lemma recolouring_root_shifts_phi_paths_uniformly:
  assumes sg: "simple_graph V E" and q: "0 < q" "p < 4 * q"
    and h: "pq_colouring p q V E h" and h': "pq_colouring p q V E h'"
    and agree: "\<forall>v\<in>V. v \<noteq> u \<longrightarrow> h' v = h v"
    and paths: "\<And>v. v \<in> F \<Longrightarrow> is_uv_path E u v (P v)" and "u \<notin> F"
  shows "\<exists>\<delta>. \<forall>v\<in>F. phi_path p ori h' (P v) = phi_path p ori h (P v) + \<delta>"
proof -
  \<comment> \<open>only the first edge of each path changes, and its change does not depend on the path\<close>
  define shift where "shift y = (h y - h' u) mod p - (h y - h u) mod p" for y
  have first_edge: "\<exists>y. E u y \<and> phi_path p ori h' (P v) = phi_path p ori h (P v) + shift y"
    if vF: "v \<in> F" for v
  proof -
    have Pv: "successively E (P v)" "distinct (P v)" "P v \<noteq> []" "hd (P v) = u" "last (P v) = v"
      using paths[OF vF] by (auto simp: is_uv_path_def is_path_iff_successively)
    moreover have "u \<noteq> v" using \<open>u \<notin> F\<close> vF by blast
    ultimately obtain m where "P v = u # m @ [v]" by (elim hd_last_split)
    then obtain y r where Pyr: "P v = u # y # r" by (cases "m @ [v]") auto
    have "E u y" using Pv(1) Pyr by simp
    moreover have "phi_path p ori h' (P v) = phi_path p ori h (P v) + shift y"
      using Pv(1,2) unfolding Pyr shift_def
      by (rule phi_path_recolour_first[OF sg q h h' agree])
    ultimately show ?thesis by blast
  qed
  have shift_eq: "shift y = shift z" if "E u y" "E u z" for y z
  proof -
    have "h' y = h y" "h' z = h z"
      using agree simple_graph_edge[OF sg that(1)] simple_graph_edge[OF sg that(2)] by auto
    then show ?thesis
      unfolding shift_def using q pq_colouring_edge[OF h that(1)] pq_colouring_edge[OF h that(2)]
        pq_colouring_edge[OF h' that(1)] pq_colouring_edge[OF h' that(2)]
      by (intro gap_difference_independent_of_end) simp_all
  qed
  show ?thesis
  proof (cases "F = {}")
    case False
    then obtain y0 where "E u y0" using first_edge by blast
    have "phi_path p ori h' (P v) = phi_path p ori h (P v) + shift y0" if "v \<in> F" for v
      using first_edge[OF that] shift_eq[OF _ \<open>E u y0\<close>] by metis
    then show ?thesis by blast
  qed simp
qed

lemma recolouring_shifts_phi_paths_uniformly:
  assumes sg: "simple_graph V E" and q: "0 < q" "p < 4 * q"
    and h: "pq_colouring p q V E h" and h': "pq_colouring p q V E h'"
    and agree: "\<forall>v\<in>V. v \<noteq> w \<longrightarrow> h' v = h v"
    and u: "u \<in> V" and paths: "\<And>v. v \<in> F \<Longrightarrow> is_uv_path E u v (P v)"
    and fixed: "\<forall>v\<in>F. h' v = h v"
  shows "\<exists>\<delta>. \<forall>v\<in>F. phi_path p ori h' (P v) = phi_path p ori h (P v) + \<delta>"
proof (cases "\<forall>v\<in>V. h' v = h v")
  case True
  have "phi_path p ori h' (P v) = phi_path p ori h (P v)" if "v \<in> F" for v
    using True is_uv_path_subset[OF sg paths[OF that] u] by (intro phi_path_cong) auto
  then show ?thesis by (intro exI[of _ 0]) simp
next
  case False
  then have "w \<notin> F" using agree fixed by auto
  show ?thesis
  proof (cases "w = u")
    case True
    then show ?thesis
      using recolouring_root_shifts_phi_paths_uniformly[OF sg q h h' _ paths] agree \<open>w \<notin> F\<close>
      by simp
  next
    case False
    have "phi_path p ori h' (P v) = phi_path p ori h (P v)" if "v \<in> F" for v
      using paths[OF that] False \<open>w \<notin> F\<close> that
      by (intro phi_path_recolour_inner[OF sg q h h' agree])
        (auto simp: is_uv_path_def is_path_iff_successively)
    then show ?thesis by (intro exI[of _ 0]) simp
  qed
qed

section \<open>Directed cycles of \<open>D\<^sub>f\<close> and reconfiguration\<close>

text \<open>Like \<open>has_dicycle_in\<close>, but without distinctness, which the argument never uses.\<close>

definition closed_diwalk :: "('a \<Rightarrow> 'a \<Rightarrow> bool) \<Rightarrow> 'a list \<Rightarrow> bool" where
  "closed_diwalk D cs \<longleftrightarrow> 2 \<le> length cs \<and> successively D cs \<and> D (last cs) (hd cs)"

lemma has_dicycle_in_closed_diwalk:
  assumes "has_dicycle_in D S"
  obtains cs where "closed_diwalk D cs" and "set cs \<subseteq> S"
  using assms unfolding has_dicycle_in_def closed_diwalk_def successively_conv_nth by blast

lemma closed_diwalk_neighbours:
  assumes cs: "closed_diwalk D cs" and w: "w \<in> set cs"
  obtains x y where "x \<in> set cs" "D x w" "y \<in> set cs" "D w y"
proof -
  obtain a b where ab: "cs = a @ w # b" using w split_list by metis
  have "successively D cs" "D (last cs) (hd cs)" "cs \<noteq> []"
    using cs unfolding closed_diwalk_def by auto
  have "\<exists>x\<in>set cs. D x w"
  proof (cases "a = []")
    case True
    then have "hd cs = w" using ab by simp
    then show ?thesis using \<open>D (last cs) (hd cs)\<close> last_in_set[OF \<open>cs \<noteq> []\<close>] by metis
  next
    case False
    then show ?thesis
      using \<open>successively D cs\<close> ab by (auto simp: successively_append_iff)
  qed
  moreover have "\<exists>y\<in>set cs. D w y"
  proof (cases b)
    case Nil
    then have "last cs = w" using ab by simp
    then show ?thesis using \<open>D (last cs) (hd cs)\<close> hd_in_set[OF \<open>cs \<noteq> []\<close>] by metis
  next
    case (Cons c b')
    then show ?thesis
      using \<open>successively D cs\<close> ab by (auto simp: successively_append_iff)
  qed
  ultimately show ?thesis using that by blast
qed

lemma closed_diwalk_subset:
  assumes sg: "simple_graph V E" and cs: "closed_diwalk (Df_arc p q E f) cs"
  shows "set cs \<subseteq> V"
proof
  fix v assume "v \<in> set cs"
  then obtain y where "Df_arc p q E f v y" using closed_diwalk_neighbours[OF cs] by metis
  then show "v \<in> V" using simple_graph_edge(1)[OF sg] by (auto simp: Df_arc_def)
qed

lemma Df_arc_colour_step:
  assumes "Df_arc p q E f x y" and "0 < q" "q < p"
  shows "(f y - f x) mod p = q"
  using assms unfolding Df_arc_def by simp

lemma closed_diwalk_vertex_frozen:
  assumes sg: "simple_graph V E" and q: "0 < q" "2 * q \<le> p" "p < 4 * q"
    and f: "pq_colouring p q V E f" and h: "pq_colouring p q V E h"
    and cs: "closed_diwalk (Df_arc p q E f) cs" and w: "w \<in> set cs"
    and others: "\<forall>v\<in>set cs. v \<noteq> w \<longrightarrow> h v = f v"
  shows "h w = f w"
proof -
  obtain x y where x: "x \<in> set cs" "Df_arc p q E f x w" and y: "y \<in> set cs" "Df_arc p q E f w y"
    using closed_diwalk_neighbours[OF cs w] by blast
  then have xw: "E x w" and wy: "E w y" by (auto simp: Df_arc_def)
  then have "x \<noteq> w" "y \<noteq> w" "w \<in> V" using simple_graph_edge[OF sg] by blast+
  then have "h x = f x" "h y = f y" using others x y by auto
  then show ?thesis
    using q Df_arc_colour_step[OF x(2)] Df_arc_colour_step[OF y(2)]
      pq_colouring_edge[OF f xw] pq_colouring_edge[OF f wy]
      pq_colouring_edge[OF h xw] pq_colouring_edge[OF h wy]
      pq_colouring_range[OF f \<open>w \<in> V\<close>] pq_colouring_range[OF h \<open>w \<in> V\<close>]
    by (intro colour_between_q_steps_unique[of q p "f w" "f x" "f y" "h w"]) auto
qed

lemma recol_step_single_vertex:
  assumes "finite V" and "recol_step p q V E h h'"
  obtains w where "\<forall>v\<in>V. v \<noteq> w \<longrightarrow> h' v = h v"
proof -
  let ?S = "{v\<in>V. h v \<noteq> h' v}"
  have "card ?S \<le> Suc 0" using assms(2) unfolding recol_step_def by simp
  then have single: "\<forall>a\<in>?S. \<forall>b\<in>?S. a = b"
    using card_le_Suc0_iff_eq[of ?S] assms(1) by simp
  show ?thesis
  proof (cases "?S = {}")
    case True
    then have "\<forall>v\<in>V. v \<noteq> u \<longrightarrow> h' v = h v" for u by auto
    then show ?thesis by (rule that)
  next
    case False
    then obtain w where "w \<in> ?S" by blast
    have "h' v = h v" if "v \<in> V" "v \<noteq> w" for v
    proof (rule ccontr)
      assume "h' v \<noteq> h v"
      with that have "v \<in> ?S" by simp
      with single \<open>w \<in> ?S\<close> \<open>v \<noteq> w\<close> show False by blast
    qed
    then show ?thesis using that by blast
  qed
qed

lemma reconfiguration_fixes_closed_diwalks:
  assumes sg: "simple_graph V E" and q: "0 < q" "2 * q \<le> p" "p < 4 * q"
    and f: "pq_colouring p q V E f"
    and cover: "\<And>w. w \<in> F \<Longrightarrow> \<exists>cs. closed_diwalk (Df_arc p q E f) cs \<and> w \<in> set cs \<and> set cs \<subseteq> F"
    and "(recol_step p q V E)\<^sup>*\<^sup>* f g"
  shows "\<forall>v\<in>F. g v = f v"
  using assms(7)
proof (induction rule: rtranclp_induct)
  case (step h h')
  have h': "pq_colouring p q V E h'" using step.hyps(2) by (simp add: recol_step_def)
  obtain w where agree: "\<forall>v\<in>V. v \<noteq> w \<longrightarrow> h' v = h v"
    using sg recol_step_single_vertex[OF _ step.hyps(2)] unfolding simple_graph_def by blast
  have FV: "F \<subseteq> V" using cover closed_diwalk_subset[OF sg] by blast
  have others: "h' v = f v" if "v \<in> F" "v \<noteq> w" for v
    using agree step.IH FV that by auto
  show ?case
  proof
    fix v assume "v \<in> F"
    show "h' v = f v"
    proof (cases "v = w")
      case True
      obtain cs where "closed_diwalk (Df_arc p q E f) cs" "v \<in> set cs" "set cs \<subseteq> F"
        using cover \<open>v \<in> F\<close> by blast
      then show ?thesis
        using closed_diwalk_vertex_frozen[OF sg q f h'] others True by blast
    qed (use others \<open>v \<in> F\<close> in blast)
  qed
qed simp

____

Only the lines holding the string "ultimately" are needed; copy each of them from the material above.

    ultimately obtain m where "P v = u # m @ [v]" by (elim hd_last_split)
    ultimately show ?thesis by blast
  ultimately show ?thesis using that by blast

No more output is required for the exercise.